Thursday, May 13, 2010

Oil Spills: the question of government regulation

by Peter Stern

While we often hear that big government is an intrusion into people's lives, during the past decade we have seen firsthand how government's lack of regulation impacts on our society and environment. In the U.S. it seems that we are a nation of extremes and it is often reflected in our own government.

Currently the Democrat and Republican parties maneuver government control to various points of the grid as directed by various special interests. For example, during the past decade when capitalism was in fashion and the corporate sector and Wall Street were raking-in huge
  profits Congress maintained a hands-off policy on banking and finance. After years of profit taking and corruptive influences over various markets, the profiteers began losing money. The domino-effect included the loss of savings, investments and generated higher number of home foreclosures for the American people. Suddenly, both parties and the special interests wanted the government to assume a larger role in regulating many areas of the economy.

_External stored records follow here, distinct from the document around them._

(* Let $G$ be a $(P_6,C_4)$-free graph and let $X$, $Y$, $\{c\}$ be pairwise disjoint subsets of $V(G)$ such that: $Y$ is a clique and every vertex of $X$ has a neighbor in $Y$; $c$ is complete to $X$ and anticomplete to $Y$; and either $G[X]$ is not connected, or there exist vertices $c',c''\in V(G)\setminus(X\cup Y)$ such that $c'$ is complete to $Y$ and anticomplete to $X$, $c''$ is anticomplete to $X\cup Y$, and $c'c''\in E(G)$. Then $G[X]$ is $(P_4,2P_3)$-free.
   Context: $2P_3$ is the disjoint union of two paths on three vertices. Complete/anticomplete: all edges / no edges between the two sets. *)

theory Defs
  imports Main
begin

definition graph :: "'a set \<Rightarrow> ('a \<Rightarrow> 'a \<Rightarrow> bool) \<Rightarrow> bool" where
  "graph V E \<longleftrightarrow> finite V \<and> (\<forall>x y. E x y \<longrightarrow> x \<in> V \<and> y \<in> V)
     \<and> (\<forall>x y. E x y \<longrightarrow> E y x) \<and> (\<forall>x. \<not> E x x)"

definition has_induced :: "'a set \<Rightarrow> ('a \<Rightarrow> 'a \<Rightarrow> bool) \<Rightarrow> nat \<Rightarrow> (nat \<Rightarrow> nat \<Rightarrow> bool) \<Rightarrow> bool" where
  "has_induced S E k A \<longleftrightarrow> (\<exists>f. inj_on f {0..<k} \<and> f ` {0..<k} \<subseteq> S \<and>
      (\<forall>i<k. \<forall>j<k. E (f i) (f j) \<longleftrightarrow> A i j))"

definition path_adj :: "nat \<Rightarrow> nat \<Rightarrow> bool" where
  "path_adj i j \<longleftrightarrow> i + 1 = j \<or> j + 1 = i"

definition c4_adj :: "nat \<Rightarrow> nat \<Rightarrow> bool" where
  "c4_adj i j \<longleftrightarrow> (i + 1) mod 4 = j \<or> (j + 1) mod 4 = i"

definition twoP3_adj :: "nat \<Rightarrow> nat \<Rightarrow> bool" where
  "twoP3_adj i j \<longleftrightarrow> {i, j} = {0, 1} \<or> {i, j} = {1, 2} \<or> {i, j} = {3, 4} \<or> {i, j} = {4, 5}"


definition complete_to :: "('a \<Rightarrow> 'a \<Rightarrow> bool) \<Rightarrow> 'a set \<Rightarrow> 'a set \<Rightarrow> bool" where
  "complete_to E A B \<longleftrightarrow> (\<forall>a\<in>A. \<forall>b\<in>B. E a b)"

definition anticomplete_to :: "('a \<Rightarrow> 'a \<Rightarrow> bool) \<Rightarrow> 'a set \<Rightarrow> 'a set \<Rightarrow> bool" where
  "anticomplete_to E A B \<longleftrightarrow> (\<forall>a\<in>A. \<forall>b\<in>B. \<not> E a b)"

definition clique :: "('a \<Rightarrow> 'a \<Rightarrow> bool) \<Rightarrow> 'a set \<Rightarrow> bool" where
  "clique E S \<longleftrightarrow> (\<forall>x\<in>S. \<forall>y\<in>S. x \<noteq> y \<longrightarrow> E x y)"

definition connected_induced :: "('a \<Rightarrow> 'a \<Rightarrow> bool) \<Rightarrow> 'a set \<Rightarrow> bool" where
  "connected_induced E S \<longleftrightarrow> S \<noteq> {} \<and>
     (\<forall>x\<in>S. \<forall>y\<in>S. (\<lambda>u v. u \<in> S \<and> v \<in> S \<and> E u v)\<^sup>*\<^sup>* x y)"

end

theory Submission
  imports Defs
begin

text \<open>
  In a C4-free graph two non-adjacent vertices cannot have two non-adjacent common neighbours.
  Since c is adjacent to all of X and to none of Y, this makes the Y-neighbourhoods of
  non-adjacent vertices of X disjoint. An induced P4 (resp. 2P3) in X can then be extended
  through Y, and through the connecting edge outside the P4 (resp. the clique edge between the
  two private Y-neighbours), to an induced P6.
\<close>

lemma graph_sym: "graph V E \<Longrightarrow> E u v \<longleftrightarrow> E v u"
  and graph_irrefl: "graph V E \<Longrightarrow> \<not> E u u"
  by (auto simp: graph_def)

lemma anticomplete_to_commute: "graph V E \<Longrightarrow> anticomplete_to E A B \<longleftrightarrow> anticomplete_to E B A"
  unfolding anticomplete_to_def by (metis graph_sym)

lemma all_less_four: "(\<forall>i<4::nat. P i) \<longleftrightarrow> P 0 \<and> P 1 \<and> P 2 \<and> P 3"
  by (simp add: numeral_eq_Suc less_Suc_eq all_conj_distrib)

lemma all_less_six: "(\<forall>i<6::nat. P i) \<longleftrightarrow> P 0 \<and> P 1 \<and> P 2 \<and> P 3 \<and> P 4 \<and> P 5"
  by (simp add: numeral_eq_Suc less_Suc_eq all_conj_distrib)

Years of deregulation and capitalism gave rise to more control and socialist type of government taxpayer bailouts for the very same companies who made billions in profits. We seldom see government maintaining a balanced or reality approach regarding regulation; however, the past decade of lax business regulation we have seen the folly with runaway business.

It is similar with regard to the oil industry. Lax enforcement of industry safety regulations have encouraged tragic consequences, e.g., the recent explosion and oil spill in the Gulf of Mexico that is spewing millions of gallons of crude oil caused by failed safety equipment. Every modern oil rig has a failsafe mechanism called the blowout preventer, which employs a combination and stack of valves that may intercept and close the wellhead immediately in the event of an emergency where a swell of pressure mixing with oil and/or gas rises up, which if not shut-down may cause an explosion causing severe damage to the crew and rig and thereafter possibly permitting oil to disperse into deep waters. The BOP has 3 fail safe options built into its capability. The first is the manual shutdown practiced by the crew during operation via random drills. The second fail safe option after an explosion is an immediate and automatic self-activation of the BOP via an acoustic switch to shut-down operation and to stop oil from spilling. The third fail safe option of the BOP is to activate via electronic remote. The BOP installed on the Deepwater Horizon drilling rig did not function in any of the 3 fail safe modes; consequently, there was an explosion that killed 11 of the crew and then allowed the release of oil into deep sea waters. Government permitted lax oversight and enforcement of the safety regulations and companies like British Petroleum were lax in their commitment to a safety first priority. The poor judgment resulted in human fatalities and in the pollution of our environment.

Since it becomes evident that since various oil companies will not provide their own reality-based oversight to ensure the safety of their employees and to protect our deep waters, sea life and shorelines we must come to the realization that some government control and regulation is needed. We do not need government to reel in the opposite direction and become an all controlling and powerful deity over all facets of our existence. However, we must recognize that we do need a government presence that provides intelligent and helpful regulation and oversight in many areas of our lives, specifically when it pertains to the oil industry re: the protection needed to ensure that oil drilling and transportation remain safe for humans and the environment and/or we must explore alternative and safer energy and fuel options.